Он пулей выскакивает в коридор, оставив нас неловко стоять у стола. Я вытираю вдруг вспотевшие ладони о подол. Мне казалось, что я готова к встрече с бабушкой, но сейчас, когда это вот-вот произойдет, оказывается, что нет. Голова совершенно пустая. В комнате царит абсолютная тишина, только откуда-то – наверное, из динамиков в холле – едва слышно доносится фоновая музыка. Качество звучания оставляет желать лучшего, но через несколько секунд я различаю знакомый мотив и едва не смеюсь от радости. Это «Африка» группы «Тото», у мамы в детстве она была любимой песней. На единственном семейном видео, которое я пересматривала несчетное количество раз, четверо младших Стори вместе распевают ее на пляже.
Музыка странным образом как нельзя лучше оттеняет приближающиеся шаги и напористый голос Карсона:
– Как удачно, что я успел до вашего отъезда, миссис Стори!
Обри рядом со мной громко сглатывает. И вот бабушка стоит перед нами. Впервые в жизни я вижу ее наяву – таинственную, неуловимую, эксцентричную Милдред Стори.
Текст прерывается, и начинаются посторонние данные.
(* Let $p$ be an odd prime, $\omega=e^{2\pi i/p}$, $m\ge1$, $Q=T_{(p^m)}$ and $K=K_Q(p)$, and let $\phi=\phi_1$ be the map on $K$ defined below. Let $M=S_\xi X^b$ and $M'=S_{\xi'}X^{b'}$ be elements of $K$ with $b,b'\neq0$ and $[M,M']=\omega^c\mathbbm{1}$ for some $c\in\mathbb{Z}_p$. Then $\phi(MM')=\phi(M)\phi(M')$.
   Context: Let $\{|q\rangle:q\in\mathbb{Z}_p\}$ be the computational basis of $\mathbb{C}^p$, $X|q\rangle=|q+1\rangle$. For $\xi:\mathbb{Z}_p\to U(1)$ let $S_\xi=\mathrm{diag}(\xi(0),\dots,\xi(p-1))$. $T=\{S_\xi:\prod_{q}\xi(q)=1\}$, $T_{(p^k)}=\{S\in T:S^{p^k}=\mathbbm{1}\}$. $K_Q(p)$ is the subgroup of $SU(p)$ generated by all $S_\xi X^b$, $S_\xi\in Q$, $b\in\mathbb{Z}_p$; each element is uniquely $S_\xi X^b$. The commutator is $[A,B]=ABA^{-1}B^{-1}$. Every $S_\xi\in T_{(p^m)}$ has a unique expansion $\xi(q)=\exp\big(\sum_{j=1}^m\frac{2\pi i}{p^j}\sum_{a=0}^{p-1}\vartheta_{j,a}q^a\big)$ with $\vartheta_{j,a}\in\{0,\dots,p-1\}$ (set $\vartheta_{2,0}=0$ if $m=1$). Define $R(\xi)(q)=\omega^{\vartheta_{1,0}+\vartheta_{1,1}q}e^{2\pi i\vartheta_{2,0}/p^2}$ and $P(\xi)(q)=\omega^{\vartheta_{1,0}+\vartheta_{1,1}q}$. Define $\phi_1:K\to U(p)$ by $\phi_1(S_\xi)=S_{R(\xi)}$, $\phi_1(S_\xi X)=S_{P(\xi)}X$, and for $2\le b\le p-1$, $\phi_1(M)=\phi_1(M^{y})^{b}$ where $M=S_\xi X^b$ and $y\in\{1,\dots,p-1\}$ with $yb\equiv1\bmod p$. *)

theory Defs
  imports "Jordan_Normal_Form.Matrix" "HOL-Number_Theory.Cong"
begin

text \<open>Matrices in U(p) are p x p complex matrices, rows/columns indexed by 0..p-1 (= Z_p).\<close>

definition omega :: "nat \<Rightarrow> complex" where
  "omega p = exp (2 * of_real pi * \<i> / of_nat p)"

text \<open>Shift X with X|q> = |q+1 mod p>: entry (row i, column j) is 1 iff i = j+1 mod p.\<close>
definition Xmat :: "nat \<Rightarrow> complex mat" where
  "Xmat p = mat p p (\<lambda>(i,j). if i = (j + 1) mod p then 1 else 0)"

definition Smat :: "nat \<Rightarrow> (nat \<Rightarrow> complex) \<Rightarrow> complex mat" where
  "Smat p \<xi> = mat_diag p \<xi>"

text \<open>Functions xi : Z_p -> U(1) with S_xi in T_(p^m) (xi normalised to 1 outside {0..<p}).\<close>
definition Qset :: "nat \<Rightarrow> nat \<Rightarrow> (nat \<Rightarrow> complex) set" where
  "Qset p m = {\<xi>. (\<forall>q<p. norm (\<xi> q) = 1) \<and> (\<Prod>q<p. \<xi> q) = 1
                 \<and> Smat p \<xi> ^\<^sub>m (p ^ m) = 1\<^sub>m p \<and> (\<forall>q\<ge>p. \<xi> q = 1)}"

definition Kset :: "nat \<Rightarrow> nat \<Rightarrow> complex mat set" where
  "Kset p m = {Smat p \<xi> * (Xmat p ^\<^sub>m b) | \<xi> b. \<xi> \<in> Qset p m \<and> b < p}"

definition dec_xi :: "nat \<Rightarrow> nat \<Rightarrow> complex mat \<Rightarrow> (nat \<Rightarrow> complex)" where
  "dec_xi p m M = (THE \<xi>. \<xi> \<in> Qset p m \<and> (\<exists>b<p. M = Smat p \<xi> * (Xmat p ^\<^sub>m b)))"

definition dec_b :: "nat \<Rightarrow> nat \<Rightarrow> complex mat \<Rightarrow> nat" where
  "dec_b p m M = (THE b. b < p \<and> (\<exists>\<xi>\<in>Qset p m. M = Smat p \<xi> * (Xmat p ^\<^sub>m b)))"

text \<open>The coefficients vartheta_{j,a} (j in 1..m, a in 0..p-1) of the unique expansion;
  set to 0 outside this range (so vartheta_{2,0} = 0 when m = 1).\<close>
definition theta :: "nat \<Rightarrow> nat \<Rightarrow> (nat \<Rightarrow> complex) \<Rightarrow> nat \<Rightarrow> nat \<Rightarrow> nat" where
  "theta p m \<xi> = (THE \<theta>. (\<forall>j a. \<theta> j a < p) \<and>
      (\<forall>j a. (j < 1 \<or> j > m \<or> a \<ge> p) \<longrightarrow> \<theta> j a = 0) \<and>
      (\<forall>q<p. \<xi> q = exp (\<Sum>j\<in>{1..m}. 2 * of_real pi * \<i> / of_nat (p ^ j)
                                    * of_nat (\<Sum>a<p. \<theta> j a * q ^ a))))"

definition Rfun :: "nat \<Rightarrow> nat \<Rightarrow> (nat \<Rightarrow> complex) \<Rightarrow> nat \<Rightarrow> complex" where
  "Rfun p m \<xi> q = (if q < p then
      omega p ^ (theta p m \<xi> 1 0 + theta p m \<xi> 1 1 * q)
        * exp (2 * of_real pi * \<i> * of_nat (theta p m \<xi> 2 0) / of_nat (p ^ 2))
     else 1)"

definition Pfun :: "nat \<Rightarrow> nat \<Rightarrow> (nat \<Rightarrow> complex) \<Rightarrow> nat \<Rightarrow> complex" where
  "Pfun p m \<xi> q = (if q < p then omega p ^ (theta p m \<xi> 1 0 + theta p m \<xi> 1 1 * q) else 1)"

text \<open>phi_1 on S_xi X^b for b in {0,1}.\<close>
definition phi_base :: "nat \<Rightarrow> nat \<Rightarrow> complex mat \<Rightarrow> complex mat" where
  "phi_base p m M = (if dec_b p m M = 0 then Smat p (Rfun p m (dec_xi p m M))
                     else Smat p (Pfun p m (dec_xi p m M)) * Xmat p)"

definition phi1 :: "nat \<Rightarrow> nat \<Rightarrow> complex mat \<Rightarrow> complex mat" where
  "phi1 p m M = (let b = dec_b p m M in
     if b \<le> 1 then phi_base p m M
     else (let y = (THE y. y \<in> {1..p-1} \<and> [y * b = 1] (mod p))
           in phi_base p m (M ^\<^sub>m y) ^\<^sub>m b))"

definition minv :: "complex mat \<Rightarrow> complex mat" where
  "minv A = (THE B. inverts_mat A B \<and> inverts_mat B A)"

definition commutator :: "complex mat \<Rightarrow> complex mat \<Rightarrow> complex mat" where
  "commutator A B = A * B * minv A * minv B"

end

theory Submission
  imports Defs "HOL-Number_Theory.Number_Theory" "HOL-Computational_Algebra.Polynomial"
begin

text \<open>An element \<open>M = S\<^sub>\<xi> X\<^sup>b\<close> of \<open>K\<close> with \<open>b \<noteq> 0\<close> has order \<open>p\<close>, so for \<open>y b \<equiv> 1 (mod p)\<close> the
  element \<open>N = M\<^sup>y = S\<^sub>g X\<close> satisfies \<open>M = N\<^sup>b\<close>. Write \<open>M' = Z N\<^sup>b\<^sup>'\<close> with \<open>Z\<close> diagonal. The
  commutator condition \<open>M M' = \<omega>\<^sup>c M' M\<close> says that conjugation by \<open>M\<close> shifts the diagonal of \<open>Z\<close>
  by \<open>b\<close> and multiplies it by \<open>\<omega>\<^sup>c\<close>, so \<open>Z = D\<^sub>k\<^sub>,\<^sub>l\<close> is the diagonal matrix of a linear character
  \<open>q \<mapsto> \<omega>\<^sup>k\<^sup>+\<^sup>l\<^sup>q\<close>. The matrices \<open>D\<^sub>k\<^sub>,\<^sub>l N\<^sup>j\<close> form a Heisenberg group containing \<open>M\<close> and \<open>M'\<close>,
  and \<open>\<phi>\<^sub>1\<close> maps \<open>D\<^sub>k\<^sub>,\<^sub>l N\<^sup>j\<close> to \<open>D\<^sub>k\<^sub>,\<^sub>l (S\<^sub>P\<^sub>(\<^sub>g\<^sub>) X)\<^sup>j\<close>: twisting a diagonal by a linear character
  only shifts \<open>\<vartheta>\<^sub>1\<^sub>,\<^sub>0\<close> and \<open>\<vartheta>\<^sub>1\<^sub>,\<^sub>1\<close>, and \<open>R\<close> of a linear character is the character itself.
  Since the group law does not depend on \<open>g\<close>, this map is multiplicative.\<close>

section \<open>Roots of unity\<close>

definition unity_root :: "nat \<Rightarrow> nat \<Rightarrow> complex" where
  "unity_root N j = exp (2 * of_real pi * \<i> * of_nat j / of_nat N)"

lemma unity_root_0 [simp]: "unity_root N 0 = 1"
  by (simp add: unity_root_def)

lemma unity_root_add: "unity_root N (a + b) = unity_root N a * unity_root N b"
  unfolding unity_root_def by (simp add: add_divide_distrib distrib_left exp_add[symmetric])

lemma unity_root_mult: "unity_root N (a * b) = unity_root N a ^ b"
proof -
  have "2 * of_real pi * \<i> * of_nat (a * b) / of_nat N
        = of_nat b * (2 * of_real pi * \<i> * of_nat a / of_nat N)"
    by (simp add: mult_ac)
  then show ?thesis
    unfolding unity_root_def by (simp only: exp_of_nat_mult)
qed

lemma unity_root_sum: "finite A \<Longrightarrow> unity_root N (\<Sum>j\<in>A. f j) = (\<Prod>j\<in>A. unity_root N (f j))"
  by (induction A rule: finite_induct) (simp_all add: unity_root_add)

lemma unity_root_scale: "d > 0 \<Longrightarrow> unity_root (d * N) (d * j) = unity_root N j"
  unfolding unity_root_def by (simp add: mult.assoc)

lemma unity_root_eq_cis: "N > 0 \<Longrightarrow> unity_root N k = cis (2 * pi * real k / real N)"
  unfolding unity_root_def cis_conv_exp by (simp add: algebra_simps)

lemma unity_root_dvd_eq_1:
  assumes "N dvd a" shows "unity_root N a = 1"
proof (cases "N = 0")
  case False
  obtain t where "a = N * t" using assms by blast
  moreover have "unity_root N N = 1" using False by (simp add: unity_root_def)
  ultimately show ?thesis by (simp add: unity_root_mult)
qed (use assms in simp)

lemma unity_root_mod: "unity_root N j = unity_root N (j mod N)"
proof -
  have "unity_root N j = unity_root N (N * (j div N)) * unity_root N (j mod N)"
    by (simp flip: unity_root_add)
  then show ?thesis by (simp add: unity_root_dvd_eq_1)
qed

lemma unity_root_eq_iff:
  assumes "N > 0" shows "unity_root N a = unity_root N b \<longleftrightarrow> [a = b] (mod N)"
proof -
  have "inj_on (\<lambda>k. cis (2 * pi * real k / real N)) {..<N}"
    using bij_betw_roots_unity[OF assms] by (rule bij_betw_imp_inj_on)
  then have "unity_root N (a mod N) = unity_root N (b mod N) \<longleftrightarrow> a mod N = b mod N"
    using assms by (auto simp: unity_root_eq_cis inj_on_def)
  then show ?thesis
    unfolding cong_def by (metis unity_root_mod)
qed

lemma unity_root_cong: "N > 0 \<Longrightarrow> [a = b] (mod N) \<Longrightarrow> unity_root N a = unity_root N b"
  by (simp add: unity_root_eq_iff)

lemma root_of_unity_eq_unity_root:
  assumes "N > 0" "z ^ N = 1" shows "\<exists>j. z = unity_root N j"
proof -
  have "z \<in> (\<lambda>k. cis (2 * pi * real k / real N)) ` {..<N}"
    using bij_betw_roots_unity[OF assms(1)] assms(2) unfolding bij_betw_def by auto
  then show ?thesis using unity_root_eq_cis[OF assms(1)] by auto
qed

lemma unity_root_power_eq_1: "N dvd M \<Longrightarrow> unity_root N j ^ M = 1"
  by (simp add: unity_root_dvd_eq_1 flip: unity_root_mult)

lemma omega_power: "omega p ^ k = unity_root p k"
  unfolding omega_def unity_root_def by (simp add: exp_of_nat_mult[symmetric] algebra_simps)

lemma odd_dvd_sum_lessThan:
  fixes p :: nat assumes "odd p" shows "p dvd (\<Sum>s<p. s)"
proof -
  obtain h where h: "p = 2 * h + 1" using assms oddE by blast
  have "(\<Sum>s<n. s) * 2 = n * (n - 1)" for n :: nat
  proof (induction n)
    case (Suc n) then show ?case by (cases n) (simp_all add: algebra_simps)
  qed simp
  moreover have "p - 1 = 2 * h" using h by simp
  ultimately have "(\<Sum>s<p. s) * 2 = p * h * 2" by simp
  then show ?thesis by simp
qed
(* Let $F:\mathbb{R}\to\mathbb{R}$ be a Darboux function. Then there is a continuous function $g:\mathbb{R}\to\mathbb{R}$ which is not constant such that $F+g$ is a Darboux function.
   Context: A function $F:\mathbb{R}\to\mathbb{R}$ is Darboux if it maps every connected set to a connected set; equivalently, the image under $F$ of every interval is an interval. *)

theory Defs
  imports "HOL-Analysis.Analysis"
begin

definition darboux :: "(real \<Rightarrow> real) \<Rightarrow> bool" where
  "darboux F \<longleftrightarrow> (\<forall>S::real set. connected S \<longrightarrow> connected (F ` S))"

end

(*
  Let h = arctan o F, a bounded function. Call c an e-oscillation centre if on some ball around c
  every nondegenerate closed subinterval contains, for each value h x on the ball, points where h
  exceeds h x - e and points where h is below h x + e. Since h is bounded, the e-oscillation
  centres form an open dense set. Intersecting these sets over e = 1/(n+1), each with the n-th
  rational removed, a nested-interval construction gives a set C without rationals and a
  continuous Cantor-type function g with g 0 = 0 and g 1 = 1 that is locally constant off C.

  F + g is Darboux: if it omitted a value y on an interval, then {F + g < y} and {F + g > y} would
  both be relatively open there. Off C this holds because g is locally constant and F is Darboux.
  At a point p of C, F comes arbitrarily close to F p from above and below in every small
  interval near p; a nearby point w on the other side of y then yields (via w itself, or via a
  point off C close to w) a small interval on which g is constant and F + g crosses y.
*)

theory Submission
  imports Defs
begin

section \<open>Cantor-type functions\<close>

lemma uniformly_convergent_on_summable_steps:
  fixes f :: "nat \<Rightarrow> 'a \<Rightarrow> real"
  assumes "\<And>n x. x \<in> A \<Longrightarrow> \<bar>f (Suc n) x - f n x\<bar> \<le> M n" and "summable M"
  shows "uniformly_convergent_on A f"
proof -
  have "uniformly_convergent_on A (\<lambda>n x. \<Sum>i<n. f (Suc i) x - f i x)"
    using assms by (intro Weierstrass_m_test') auto
  then have "uniformly_convergent_on A (\<lambda>n x. f 0 x + (\<Sum>i<n. f (Suc i) x - f i x))"
    by (intro uniformly_convergent_add) auto
  moreover have "f 0 x + (\<Sum>i<n. f (Suc i) x - f i x) = f n x" for n x
    using sum_lessThan_telescope[of "\<lambda>i. f i x" n] by simp
  ultimately show ?thesis by simp
qed

definition ramp :: "real \<times> real \<Rightarrow> real \<Rightarrow> real" where
  "ramp I x = max 0 (min 1 ((x - fst I) / (snd I - fst I)))"

lemma ramp_eq_0: "x \<le> fst I \<Longrightarrow> fst I < snd I \<Longrightarrow> ramp I x = 0"
  unfolding ramp_def by (simp add: divide_nonpos_pos)

lemma ramp_eq_1: "snd I \<le> x \<Longrightarrow> fst I < snd I \<Longrightarrow> ramp I x = 1"
  unfolding ramp_def by simp

lemma ramp_bounds: "0 \<le> ramp I x" "ramp I x \<le> 1"
  unfolding ramp_def by auto

lemma continuous_on_ramp: "continuous_on UNIV (ramp I)"
  unfolding ramp_def divide_inverse by (intro continuous_intros)

locale open_dense_sequence =
  fixes U :: "nat \<Rightarrow> real set"
  assumes open_U: "open (U n)"
    and dense_U: "a < b \<Longrightarrow> \<exists>x\<in>{a<..<b}. x \<in> U n"
begin
lemma inner_gram_mult: "x \<bullet> ((transpose X ** Y) *v z) = (X *v x) \<bullet> (Y *v (z::real^'q::finite))"
  for X :: "real^'p::finite^'n::finite"
  by (simp add: matrix_vector_mul_assoc[symmetric] inner_transpose_mult_right del: transpose_matrix_vector)

lemma blockmat_quadratic_form:
  "v \<bullet> (blockmat A B C D *v v) = blk1 v \<bullet> (A *v blk1 v) + blk1 v \<bullet> (B *v blk2 v) + blk2 v \<bullet> (C *v blk1 v) + blk2 v \<bullet> (D *v blk2 v)"
  unfolding blockmat_mult_vec using inner_join[of _ _ v] by (simp add: inner_commute inner_add_left inner_add_right)

lemma norm_residual_squared: "(norm (residual X Z v))^2 = (norm (X *v blk1 v))^2 - 2 * ((X *v blk1 v) \<bullet> (Z *v blk2 v)) + (norm (Z *v blk2 v))^2"
  unfolding residual_def power2_norm_eq_inner by (simp add: inner_diff_left inner_diff_right inner_commute)

definition curv_weight :: "loss \<Rightarrow> real \<Rightarrow> real" where "curv_weight L a = (case L of Lin \<Rightarrow> a | Log \<Rightarrow> a/4)"

lemma Qmat_quadratic_form:
  fixes X :: "real^'p1::finite^'n::finite" and Z :: "real^'p2::finite^'n"
  shows "v \<bullet> (Qmat L X Z a b c *v v) = (1 / real CARD('n)) *
     (curv_weight L a * (norm (X *v blk1 v))^2 + curv_weight L b * (norm (Z *v blk2 v))^2 + c * (norm (residual X Z v))^2)"
proof -
  have "v \<bullet> (Qmat L X Z a b c *v v) = (1 / real CARD('n)) *
      ((curv_weight L a + c) * ((X *v blk1 v) \<bullet> (X *v blk1 v)) + (- c) * ((X *v blk1 v) \<bullet> (Z *v blk2 v))
       + (- c) * ((Z *v blk2 v) \<bullet> (X *v blk1 v)) + (curv_weight L b + c) * ((Z *v blk2 v) \<bullet> (Z *v blk2 v)))"
    unfolding Qmat_def Let_def scaleR_matrix_vector_assoc[symmetric] inner_scaleR_right blockmat_quadratic_form
    by (cases L) (simp_all add: curv_weight_def inner_gram_mult del: transpose_matrix_vector)
  then show ?thesis unfolding norm_residual_squared by (simp add: power2_norm_eq_inner inner_commute algebra_simps)
qed

lemma lmat_Log_quadratic_form:
  fixes X :: "real^'p1::finite^'n::finite" and Z :: "real^'p2::finite^'n"
  shows "v \<bullet> (lmat Log X Z a b c *v v) = (c / real CARD('n)) * (norm (residual X Z v))^2"
proof -
  have "v \<bullet> (lmat Log X Z a b c *v v) = (c / real CARD('n)) *
      (((X *v blk1 v) \<bullet> (X *v blk1 v)) - ((X *v blk1 v) \<bullet> (Z *v blk2 v))
       - ((Z *v blk2 v) \<bullet> (X *v blk1 v)) + ((Z *v blk2 v) \<bullet> (Z *v blk2 v)))"
    by (simp add: lmat_def scaleR_matrix_vector_assoc[symmetric] blockmat_quadratic_form inner_gram_mult uminus_matrix_vector_mult inner_minus_right del: transpose_matrix_vector)
  then show ?thesis unfolding norm_residual_squared by (simp add: power2_norm_eq_inner inner_commute algebra_simps)
qed

lemma transpose_blockmat:
  "transpose (blockmat A B C D) = blockmat (transpose A) (transpose C) (transpose B) (transpose D)"
  by (simp add: transpose_def blockmat_def vec_eq_iff split: sum.split)

lemma symmetric_Qmat: "symmetric_matrix (Qmat L X Z a b c)"
  unfolding symmetric_matrix_def Qmat_def Let_def
  by (simp add: transpose_scalar transpose_blockmat matrix_transpose_mul transpose_uminus)

lemma symmetric_lmat: "symmetric_matrix (lmat L X Z a b c)"
proof (cases L)
  case Lin then show ?thesis using symmetric_Qmat by (simp add: lmat_def)
next
  case Log then show ?thesis unfolding symmetric_matrix_def lmat_def
    by (simp add: transpose_scalar transpose_blockmat matrix_transpose_mul transpose_uminus)
qed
Я скольжу по ней взглядом, выхватывая одну деталь за другой. Первыми бросаются в глаза драгоценности, их нельзя не заметить – двойная нитка глянцево-переливчатого серого жемчуга, ярко выделяющегося на строгом черном костюме, и такие же подвески-сережки. Туфли на каблуках впечатляющей для женщины за семьдесят высоты. Завершает наряд маленькая шляпка с вуалью. Общий вид такой, будто бабуля собралась на похороны какого-нибудь престарелого государственного деятеля. На черной сумочке лакированной крокодиловой кожи поблескивает золотой замочек. Я повидала в Нью-Йорке подделок, чтобы сразу распознать настоящий «Биркин» за двадцать тысяч долларов.
Знаменитые высокие скулы Милдред с возрастом утратили рельефность, но накрашена она все так же безупречно, как на всех виденных мною фото. Однако самое примечательное в ней – это волосы, собранные сзади в низкий пучок, такие снежно-белые, что даже не верится в естественность их цвета.
Ее блестящие глаза перебегают с Обри на Джону, которые совершенно не похожи на своих отцов, и останавливаются на мне, и я замечаю в них искорку узнавания.
– Значит, это правда, – произносит бабушка негромким хрипловатым голосом. – Вы и в самом деле здесь.
Я с трудом перебарываю иррациональный порыв сделать книксен.
– Спасибо, что пригласили нас…
Та с резким выдохом сдвигает брови.
– Пригласила? – повторяет она.
Мы недоуменно смотрим друг на друга, пока молчание не прерывает нервное покашливание Карсона. Лицо бабушки вновь превращается в гладкую, без малейшего выражения маску.
– Да, действительно. – Милдред перекладывает сумочку из одной руки в другую. – Вы, должно быть, устали с дороги. Карсон, отведите их в комнаты для персонала, пожалуйста. Я поручу своей помощнице подобрать более удобное время для нашей беседы.
Карсон, маячащий сзади, выглядит совершенно растерянным.
– Да, конечно. Простите, мне нужно было самому догадаться…
– Ничего страшного, – холодно откликается Милдред. – Все в полном порядке.
Однако я знаю, что это не так. До того, как к ней вернулось самообладание, из путаницы моих мыслей выделилась одна – кристально ясная и прозрачная: бабушка не имела ни малейшего представления, что мы должны приехать.